The problem for advisers is that with margins under pressure, they could end up running at twice the speed just to stay in the same place.
However, is there an alternative solution? Successful consumer businesses are very aware of market forces such as this and are experts at figuring out how to increase their yield from each customer, rather than just trying to gain new ones. We see this everywhere we shop – from Amazon to IKEA.
As for advisers, most know that expanding their proposition is what they should be doing, but are they really clear on why?
For me, the fundamental ‘why’ for selling protection is trust. Whilst consumers might question the motives of some financial institutions, this is not the case for the trusted relationship that exists between an adviser and their customer.
Furthermore, this is backed-up by contract law, which states that the adviser is acting on the customer’s behalf. So as someone who has the financial interests of their customers at heart, why wouldn’t advisers want to ensure that their customers’ homes and lifestyles are safeguarded?
This is a fantastic baseline for an adviser to start to take steps left and right to broaden their proposition. The reality is that putting protection policies in place is no fun for customers. They want someone to walk them through the risks and demonstrate the cover they should have.
Of course, customers don’t always take out a policy immediately, but the subject is far better broached by a trusted and trained adviser.
‘Take the plunge’
Clearly, there is also commercial opportunity in brokering protection: profits increase as the adviser is often generating twice the revenue per consultation.

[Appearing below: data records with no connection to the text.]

(* Let $\mathfrak{s}\subset\mathfrak{gl}(n,F)$ be the solvable radical of the Lie algebra of an algebraic group, let $\mathfrak{n}$ be the set of nilpotent elements of $\mathfrak{s}$, and assume there is a commutative subalgebra of $\mathfrak{s}$ of semisimple matrices complementing $\mathfrak{n}$. Let $\mathfrak{h}'$ be a Cartan subalgebra of $\mathfrak{s}$ and $\mathfrak{d}'\subset\mathfrak{s}$ an abelian subalgebra of semisimple matrices with $\mathfrak{s}=\mathfrak{d}'\oplus\mathfrak{n}$ and $\mathfrak{h}' = C_{\mathfrak{s}}(\mathfrak{d}') = \mathfrak{d}'+C_{\mathfrak{n}}(\mathfrak{d}')$. Let $a_1,\dots,a_r$ be a basis of $\mathfrak{h}'$ and let $a_i = s_i + n_i$ be the Jordan decomposition of $a_i$ ($s_i$ semisimple, $n_i$ nilpotent, $[s_i,n_i]=0$). Then $\mathfrak{d}'$ is spanned by $s_1,\dots,s_r$, and $\mathfrak{n}$ is spanned by $n_1,\dots,n_r$ together with $\mathfrak{s}_1(\mathfrak{h}')$.
   Context: $F$ is a field of characteristic $0$ with algebraic closure $\overline{F}$; the algebraic group is a subgroup of $\mathrm{GL}(n,\overline{F})$ defined over $F$ whose Lie algebra lies in $\mathfrak{gl}(n,F)$. The solvable radical is the largest solvable ideal. $C_{\mathfrak{a}}(\mathfrak{b})=\{x\in\mathfrak{a}\mid[x,y]=0\ \forall y\in\mathfrak{b}\}$. A semisimple matrix is one diagonalizable over $\overline{F}$. A Cartan subalgebra is a nilpotent subalgebra equal to its own normalizer. The Fitting 1-component of $\mathfrak{s}$ with respect to the adjoint action of the nilpotent subalgebra $\mathfrak{h}'$ is $\mathfrak{s}_1(\mathfrak{h}') = \bigcap_{i>0}[\mathfrak{h}'^i,\mathfrak{s}]$, where $[\mathfrak{h}'^i,\mathfrak{s}] = [\mathfrak{h}',[\mathfrak{h}',\cdots,[\mathfrak{h}',\mathfrak{s}]\cdots]]$ with $i$ factors $\mathfrak{h}'$. *)

theory Defs
  imports "HOL-Analysis.Analysis" "HOL-Computational_Algebra.Polynomial"
begin

type_synonym ('a,'n) sqm = "'a^'n^'n"

definition smat :: "'a::field \<Rightarrow> ('a,'n::finite) sqm \<Rightarrow> ('a,'n) sqm" where
  "smat c A = (\<chi> i j. c * A$i$j)"

abbreviation lspan :: "('a::field,'n::finite) sqm set \<Rightarrow> ('a,'n) sqm set" where
  "lspan \<equiv> module.span smat"

abbreviation lsubspace :: "('a::field,'n::finite) sqm set \<Rightarrow> bool" where
  "lsubspace \<equiv> module.subspace smat"

abbreviation lindep :: "('a::field,'n::finite) sqm set \<Rightarrow> bool" where
  "lindep \<equiv> module.dependent smat"

definition brk :: "('a::field,'n::finite) sqm \<Rightarrow> ('a,'n) sqm \<Rightarrow> ('a,'n) sqm" where
  "brk x y = x ** y - y ** x"

definition Brk :: "('a::field,'n::finite) sqm set \<Rightarrow> ('a,'n) sqm set \<Rightarrow> ('a,'n) sqm set" where
  "Brk A B = lspan {brk a b | a b. a \<in> A \<and> b \<in> B}"

definition lie_subalg :: "('a::field,'n::finite) sqm set \<Rightarrow> bool" where
  "lie_subalg L \<longleftrightarrow> lsubspace L \<and> (\<forall>x\<in>L. \<forall>y\<in>L. brk x y \<in> L)"

definition lie_ideal :: "('a::field,'n::finite) sqm set \<Rightarrow> ('a,'n) sqm set \<Rightarrow> bool" where
  "lie_ideal I L \<longleftrightarrow> lsubspace I \<and> I \<subseteq> L \<and> (\<forall>x\<in>L. \<forall>y\<in>I. brk x y \<in> I)"

fun derived_series :: "('a::field,'n::finite) sqm set \<Rightarrow> nat \<Rightarrow> ('a,'n) sqm set" where
  "derived_series L 0 = L"
| "derived_series L (Suc k) = Brk (derived_series L k) (derived_series L k)"

definition lie_solvable :: "('a::field,'n::finite) sqm set \<Rightarrow> bool" where
  "lie_solvable L \<longleftrightarrow> (\<exists>k. derived_series L k = {0})"

fun lower_central :: "('a::field,'n::finite) sqm set \<Rightarrow> nat \<Rightarrow> ('a,'n) sqm set" where
  "lower_central L 0 = L"
| "lower_central L (Suc k) = Brk L (lower_central L k)"

definition lie_nilpotent :: "('a::field,'n::finite) sqm set \<Rightarrow> bool" where
  "lie_nilpotent L \<longleftrightarrow> (\<exists>k. lower_central L k = {0})"

definition solvable_radical :: "('a::field,'n::finite) sqm set \<Rightarrow> ('a,'n) sqm set \<Rightarrow> bool" where
  "solvable_radical L S \<longleftrightarrow> lie_ideal S L \<and> lie_solvable S \<and>
     (\<forall>I. lie_ideal I L \<and> lie_solvable I \<longrightarrow> I \<subseteq> S)"

definition centralizer :: "('a::field,'n::finite) sqm set \<Rightarrow> ('a,'n) sqm set \<Rightarrow> ('a,'n) sqm set" where
  "centralizer A B = {x \<in> A. \<forall>y\<in>B. brk x y = 0}"

definition normalizer :: "('a::field,'n::finite) sqm set \<Rightarrow> ('a,'n) sqm set \<Rightarrow> ('a,'n) sqm set" where
  "normalizer L H = {x \<in> L. \<forall>y\<in>H. brk x y \<in> H}"

definition cartan_subalg :: "('a::field,'n::finite) sqm set \<Rightarrow> ('a,'n) sqm set \<Rightarrow> bool" where
  "cartan_subalg L H \<longleftrightarrow> lie_subalg H \<and> H \<subseteq> L \<and> lie_nilpotent H \<and> normalizer L H = H"

fun iter_brk :: "('a::field,'n::finite) sqm set \<Rightarrow> nat \<Rightarrow> ('a,'n) sqm set \<Rightarrow> ('a,'n) sqm set" where
  "iter_brk H 0 S = S"
| "iter_brk H (Suc i) S = Brk H (iter_brk H i S)"

definition fitting_one :: "('a::field,'n::finite) sqm set \<Rightarrow> ('a,'n) sqm set \<Rightarrow> ('a,'n) sqm set" where
  "fitting_one H S = (\<Inter>i\<in>{i. i > 0}. iter_brk H i S)"

definition setsum :: "('a::field,'n::finite) sqm set \<Rightarrow> ('a,'n) sqm set \<Rightarrow> ('a,'n) sqm set" where
  "setsum A B = {a + b | a b. a \<in> A \<and> b \<in> B}"

definition is_alg_closure :: "('f::field \<Rightarrow> 'k::field) \<Rightarrow> bool" where
  "is_alg_closure emb \<longleftrightarrow>
     emb 0 = 0 \<and> emb 1 = 1 \<and> (\<forall>x y. emb (x + y) = emb x + emb y) \<and> (\<forall>x y. emb (x * y) = emb x * emb y)
   \<and> (\<forall>p :: 'k poly. degree p > 0 \<longrightarrow> (\<exists>x. poly p x = 0))
   \<and> (\<forall>x :: 'k. \<exists>p :: 'f poly. p \<noteq> 0 \<and> poly (map_poly emb p) x = 0)"

definition map_mat :: "('f \<Rightarrow> 'k) \<Rightarrow> 'f^'n::finite^'m::finite \<Rightarrow> 'k^'n^'m" where
  "map_mat emb A = (\<chi> i j. emb (A$i$j))"

definition diagonal_mat :: "('k::zero,'n::finite) sqm \<Rightarrow> bool" where
  "diagonal_mat D \<longleftrightarrow> (\<forall>i j. i \<noteq> j \<longrightarrow> D$i$j = 0)"

definition semisimple_mat :: "('f::field \<Rightarrow> 'k::field) \<Rightarrow> ('f,'n::finite) sqm \<Rightarrow> bool" where
  "semisimple_mat emb A \<longleftrightarrow> (\<exists>(P :: ('k,'n) sqm) D. invertible P \<and> diagonal_mat D \<and>
      P ** map_mat emb A = D ** P)"

definition nilpotent_mat :: "('a::field,'n::finite) sqm \<Rightarrow> bool" where
  "nilpotent_mat A \<longleftrightarrow> (\<exists>k. ((\<lambda>M. A ** M) ^^ k) (mat 1) = 0)"

text \<open>Polynomial expressions in the matrix entries x_ij with coefficients in 'a.\<close>
datatype ('a,'i) mexpr = MC 'a | MV 'i | MAdd "('a,'i) mexpr" "('a,'i) mexpr"
  | MMul "('a,'i) mexpr" "('a,'i) mexpr" | MNeg "('a,'i) mexpr"
lemma preferred_ext_extend:
  assumes preferred: "preferred_ext args1 att E1"
  obtains E where "preferred_ext args att E" "E \<inter> args1 = E1"
proof -
  have adm1: "admissible args1 att E1"
    using preferred complete_extD(1) unfolding preferred_ext_def by blast
  obtain E where max: "maximal_admissible args att E" and "E1 \<subseteq> E"
    using admissible_extends_to_maximal[OF admissible_lift[OF adm1]] by blast
  have "complete_ext args1 att (E \<inter> args1)"
    using complete_ext_restrict[OF maximal_admissible_imp_complete_ext[OF max]] .
  moreover have "E1 \<subseteq> E \<inter> args1"
    using \<open>E1 \<subseteq> E\<close> admissibleD(1)[OF adm1] by blast
  ultimately have "E \<inter> args1 = E1"
    using preferred unfolding preferred_ext_def by blast
  moreover have "preferred_ext args att E"
    using max preferred_ext_iff_maximal_admissible by blast
  ultimately show ?thesis
    using that by blast
qed

definition S1_grounded where
  "S1_grounded = {b \<in> args. \<forall>a\<in>args1. fst a \<subseteq> fst b \<longrightarrow> a \<in> lfp (char_fun args1 att)}"

lemma char_fun_S1_grounded: "char_fun args att S1_grounded \<subseteq> S1_grounded"
proof
  let ?G1 = "lfp (char_fun args1 att)"
  fix b assume "b \<in> char_fun args att S1_grounded"
  then have b: "b \<in> args" "defends args att S1_grounded b"
    unfolding char_fun_def by auto
  have "a \<in> ?G1" if a: "a \<in> args1" "fst a \<subseteq> fst b" for a
  proof -
    have "defends args1 att ?G1 a"
      unfolding defends_def
    proof (intro ballI impI)
      fix c assume c: "c \<in> args1" "att c a"
      then have "att c b"
        using attacks_premises_mono a(2) Arg_finite[OF b(1)] by blast
      then obtain d where d: "d \<in> S1_grounded" "att d c"
        using defendsD[OF b(2)] c(1) args1_subset by blast
      then have "d \<in> args"
        unfolding S1_grounded_def by blast
      then obtain d' where "d' \<in> args1" "fst d' \<subseteq> fst d" "att d' c"
        using c(1) d(2) by (rule attack_localise)
      then show "\<exists>e\<in>?G1. att e c"
        using d(1) unfolding S1_grounded_def by blast
    qed
    then show ?thesis
      using complete_extD(2)[OF complete_ext_lfp_char_fun a(1)] by blast
  qed
  then show "b \<in> S1_grounded"
    unfolding S1_grounded_def using b(1) by blast
qed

Customer loyalty and potential additional business is also increased and, by taking on another part of the customer’s life admin tasks, advisers can ringfence themselves from some serious competitive threats. Plus, the adviser will now have more opportunities for frequent touch points with the customer during those long, fixed rate terms.
And don’t forget that there’s lots of training support available from networks and providers to help enhance advisers’ skills, so there’s no excuse not to take the plunge.
As a final thought – and possibly another why – there is a growing debate around exposure to future risks for advisers who don’t explain to customers their financial vulnerabilities when taking on a mortgage – and how these risks can be mitigated. In the post-PPI litigation environment, many people are wondering where the claims management companies will look next.
Could protection – or the lack of it – be one such area in the future?
In business it’s rare for habits to change unless there’s a driving force behind it. This is understandable as it’s uncomfortable and sometimes draining having to adjust.
However, history often shows that such changes can turn out for the best in the long run.